Using the PayPal shopping cart alone gives you a pretty unfriendly shopping interface. When a customer adds a t-shirt to their shopping cart, it opens a pop up window, which isn't great on the useability scale.


----------



## guest5779 (Aug 8, 2006)

Rodney said:


> Using the PayPal shopping cart alone gives you a pretty unfriendly shopping interface. When a customer adds a t-shirt to their shopping cart, it opens a pop up window, which isn't great on the useability scale.


I believe Shopify is able to supress this function actually. Which is a nice touch.


----------



## DFras (Aug 9, 2005)

error426 said:


> I believe Shopify is able to supress this function actually. Which is a nice touch.


They surpress this function by only using a "text" header, no image. If you use a image in your header (of the PayPal cart) you will get the "pop up", unless, that image is hosted on a secure server.


----------



## guest5779 (Aug 8, 2006)

Hmm... I'll be using DreamHost. Though this is really my designers area, I'm sure that would qualify then? Or do you mean secure as in SSL?

Though he'll probably figure something out, that's what he does.


----------



## Solmu (Aug 15, 2005)

DFras said:


> They surpress this function by only using a "text" header, no image. If you use a image in your header (of the PayPal cart) you will get the "pop up", unless, that image is hosted on a secure server.


Rodney was talking about the pop up shopping cart that opens in a new window, rather than the browser security warning that displays if you host a checkout image on an unsecure server.


----------



## DFras (Aug 9, 2005)

Solmu said:


> Rodney was talking about the pop up shopping cart that opens in a new window, rather than the browser security warning that displays if you host a checkout image on an unsecure server.


Ahhh. I see.


----------



## jimiyo (Jul 23, 2006)

Rodney said:


> jimiyo, I think you should check out BigCartel: http://bigcartel.com/home
> 
> They offer customization, and they don't take a percentage out of your sales. The customer's payment from PayPal goes directly into your account.
> 
> If you have less than 5 products, it's free.

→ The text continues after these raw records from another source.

(* Let $0<\alpha\le 5\pi/6$ and let $u,v\in V$ with $\{u,v\}\in E$. Then either $\{u,v\}\in E_\alpha$, or there is a path $u_0,u_1,\dots,u_m$ with $u_0=u$, $u_m=v$, $\{u_i,u_{i+1}\}\in E_\alpha$ and $d(u_i,u_{i+1})<d(u,v)$ for all $i=0,\dots,m-1$.
   Context: Let $V$ be a finite set of pairwise distinct points (nodes) in the Euclidean plane, $d$ the Euclidean distance, and $R>0$. Let $G_R=(V,E)$ be the undirected graph with $E=\{\{u,v\}: u\neq v,\ d(u,v)\le R\}$. Fix a finite increasing sequence of radius levels $0<r_1<r_2<\dots<r_k=R$. For $u\in V$ and $1\le i\le k$ let $S_i(u)=\{v\in V\setminus\{u\}: d(u,v)\le r_i\}$. For $0<\alpha<2\pi$, a closed cone of width $\alpha$ with apex $u$ is a set $\{u+t(\cos\varphi,\sin\varphi): t\ge 0,\ \varphi\in[\theta-\alpha/2,\theta+\alpha/2]\}$ for some $\theta$. A finite set $S\subseteq V\setminus\{u\}$ has an $\alpha$-gap (at $u$) if some closed cone of width $\alpha$ with apex $u$ contains no node of $S$ (in particular $\emptyset$ has an $\alpha$-gap). The algorithm CBTC($\alpha$) assigns to each $u$ the index $i_u$ = the least $i\in\{1,\dots,k\}$ such that $S_i(u)$ has no $\alpha$-gap, or $i_u=k$ if there is no such $i$; set $N_\alpha(u)=S_{i_u}(u)$ and $N_\alpha=\{(u,v): v\in N_\alpha(u)\}$. Let $E_\alpha=\{\{u,v\}: (u,v)\in N_\alpha \text{ or } (v,u)\in N_\alpha\}$ (the symmetric closure of $N_\alpha$) and $G_\alpha=(V,E_\alpha)$. *)

theory Defs
  imports "HOL-Analysis.Analysis"
begin
section \<open>Coefficients of the characteristic polynomial\<close>

lemma norm_coeff_char_poly_le:
  assumes "M \<in> carrier_mat m m" and "0 \<le> B"
    and "\<And>i j. i < m \<Longrightarrow> j < m \<Longrightarrow> cmod (M $$ (i, j)) \<le> B"
  shows "cmod (coeff (char_poly M) j) \<le> real (m choose j) * sqrt (real (m - j) ^ (m - j)) * B ^ (m - j)"
  using assms(1,3)
proof (induction j arbitrary: M m)
  case (0 M m)
  have X: "- char_matrix M 0 \<in> carrier_mat m m"
    using 0 by auto
  have "coeff (char_poly M) 0 = det (- char_matrix M 0)"
    by (simp add: poly_0_coeff_0[symmetric] char_poly_matrix[OF 0(1)])
  also have "cmod \<dots> \<le> sqrt (real m ^ m) * B ^ m"
    by (rule norm_det_le_entry_bound[OF X assms(2)]) (use 0 in \<open>auto simp: char_matrix_def\<close>)
  finally show ?case
    by simp
next
  case (Suc j M m)
  let ?b = "real ((m - 1) choose j) * sqrt (real (m - 1 - j) ^ (m - 1 - j)) * B ^ (m - 1 - j)"
  have "of_nat (Suc j) * coeff (char_poly M) (Suc j) = coeff (pderiv (char_poly M)) j"
    by (simp add: coeff_pderiv)
  also have "\<dots> = (\<Sum>i<m. coeff (char_poly (mat_delete M i i)) j)"
    unfolding pderiv_char_poly[OF Suc.prems(1)] coeff_sum ..
  finally have "cmod (of_nat (Suc j) * coeff (char_poly M) (Suc j))
      = cmod (\<Sum>i<m. coeff (char_poly (mat_delete M i i)) j)"
    by (rule arg_cong)
  then have "real (Suc j) * cmod (coeff (char_poly M) (Suc j))
      = cmod (\<Sum>i<m. coeff (char_poly (mat_delete M i i)) j)"
    by (simp only: norm_mult norm_of_nat)
  also have "\<dots> \<le> (\<Sum>i<m. cmod (coeff (char_poly (mat_delete M i i)) j))"
    by (rule norm_sum)
  also have "\<dots> \<le> (\<Sum>i<m. ?b)"
  proof (rule sum_mono)
    fix i
    show "cmod (coeff (char_poly (mat_delete M i i)) j) \<le> ?b"
      using Suc.prems by (intro Suc.IH mat_delete_carrier) (auto simp: mat_delete_def)
  qed
  also have "\<dots> = real (Suc j) * (real (m choose Suc j) * sqrt (real (m - Suc j) ^ (m - Suc j)) * B ^ (m - Suc j))"
  proof -
    have "real (Suc j) * real (m choose Suc j) = real m * real ((m - 1) choose j)"
      by (simp only: of_nat_mult[symmetric] binomial_absorption)
    then show ?thesis
      by (simp add: mult.assoc[symmetric])
  qed
  finally show ?case
    by (rule mult_left_le_imp_le) simp
qed

lemma poly_inf_norm_le:
  assumes "\<And>j. j \<le> degree p \<Longrightarrow> cmod (coeff p j) \<le> R"
  shows "poly_inf_norm p \<le> R"
  unfolding poly_inf_norm_def using assms by (subst Max_le_iff) auto

lemma norm_coeff_le_poly_inf_norm: "j \<le> degree p \<Longrightarrow> cmod (coeff p j) \<le> poly_inf_norm p"
  unfolding poly_inf_norm_def by (rule Max_ge) auto

section \<open>A binomial inequality\<close>

lemma sum_exp_series_le_exp:
  fixes x :: real
  assumes "0 \<le> x"
  shows "(\<Sum>i<N. x ^ i / fact i) \<le> exp x"
proof -
  have sums: "(\<lambda>i. x ^ i / fact i) sums exp x"
    using exp_converges[of x] by (simp add: divide_inverse mult.commute)
  have "(\<Sum>i<N. x ^ i / fact i) \<le> (\<Sum>i. x ^ i / fact i)"
    by (rule sum_le_suminf) (use sums assms in \<open>auto simp: sums_iff\<close>)
  with sums show ?thesis
    by (simp add: sums_iff)
qed

lemma power_div_fact_le_exp:
  fixes x :: real
  assumes "0 \<le> x"
  shows "x ^ m / fact m \<le> exp x"
proof -
  have "x ^ m / fact m \<le> (\<Sum>i<Suc m. x ^ i / fact i)"
    by (rule member_le_sum) (use assms in auto)
  also have "\<dots> \<le> exp x"
    by (rule sum_exp_series_le_exp[OF assms])
  finally show ?thesis .
qed

lemma ln_2_ge: "0.6931471 \<le> (ln 2 :: real)"
proof -
  define f :: "nat \<Rightarrow> real" where "f n = (1 / 2) ^ Suc n / real (n + 1)" for n
  have summable: "summable f"
    unfolding f_def
    by (rule summable_comparison_test[OF _ summable_geometric[of "1 / 2 :: real"]])
      (auto intro!: exI[of _ 0] simp: divide_le_eq)
  have "ln (1 / 2 :: real) = (\<Sum>n. (- 1) ^ n * (1 / real (n + 1)) * (1 / 2 - 1) ^ Suc n)"
    by (rule ln_series) auto
  also have "(\<lambda>n. (- 1) ^ n * (1 / real (n + 1)) * ((1 :: real) / 2 - 1) ^ Suc n) = (\<lambda>n. - f n)"
    unfolding f_def by (rule ext) (simp add: power_minus' field_simps)
  also have "(\<Sum>n. - f n) = - (\<Sum>n. f n)"
    by (rule suminf_minus[OF summable])
  finally have ln_2: "ln 2 = (\<Sum>n. f n)"
    by (simp add: ln_div)
  have "0.6931471 \<le> (\<Sum>n<22. f n)"
    by (simp add: lessThan_nat_numeral f_def power_divide)
  also have "\<dots> \<le> ln 2"
    unfolding ln_2 by (rule sum_le_suminf[OF summable]) (auto simp: f_def)
  finally show ?thesis .
qed

definition lambda0 :: real where
  "lambda0 = 2 powr 0.21163175"

lemma lambda0_pos: "0 < lambda0"
  unfolding lambda0_def by simp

wow.... dang... i wish i had known... will check out... maybe migrate to them. $9.99 for platium membership aint bad.

THANKS!


----------



## MensTshirts (May 2, 2008)

I will be looking at both shopify and big cartel as an alternative to ebay uk. An ebay shop (i estimate) with 1000 products would cost £120 month and that could be expensive if nothing sells! I think having a few channels to sell your items beats having all your eggs in one basket. So am setting up Xcart shop as well.

Welcome to X-Cart store!


----------



## DublinDan (Apr 24, 2015)

This thread has been dead since 2008, but anyone got advice of Shopify they'd like to share ?


----------



## brandonlaura (Dec 26, 2015)

Never had experience with Shopify


----------



## splathead (Dec 4, 2005)

DublinDan said:


> This thread has been dead since 2008, but anyone got advice of Shopify they'd like to share ?


Dan, you should probably start a new thread.


----------



## CMullins (Nov 15, 2015)

what kind of rates are you looking at or charge fees for multiple orders?


----------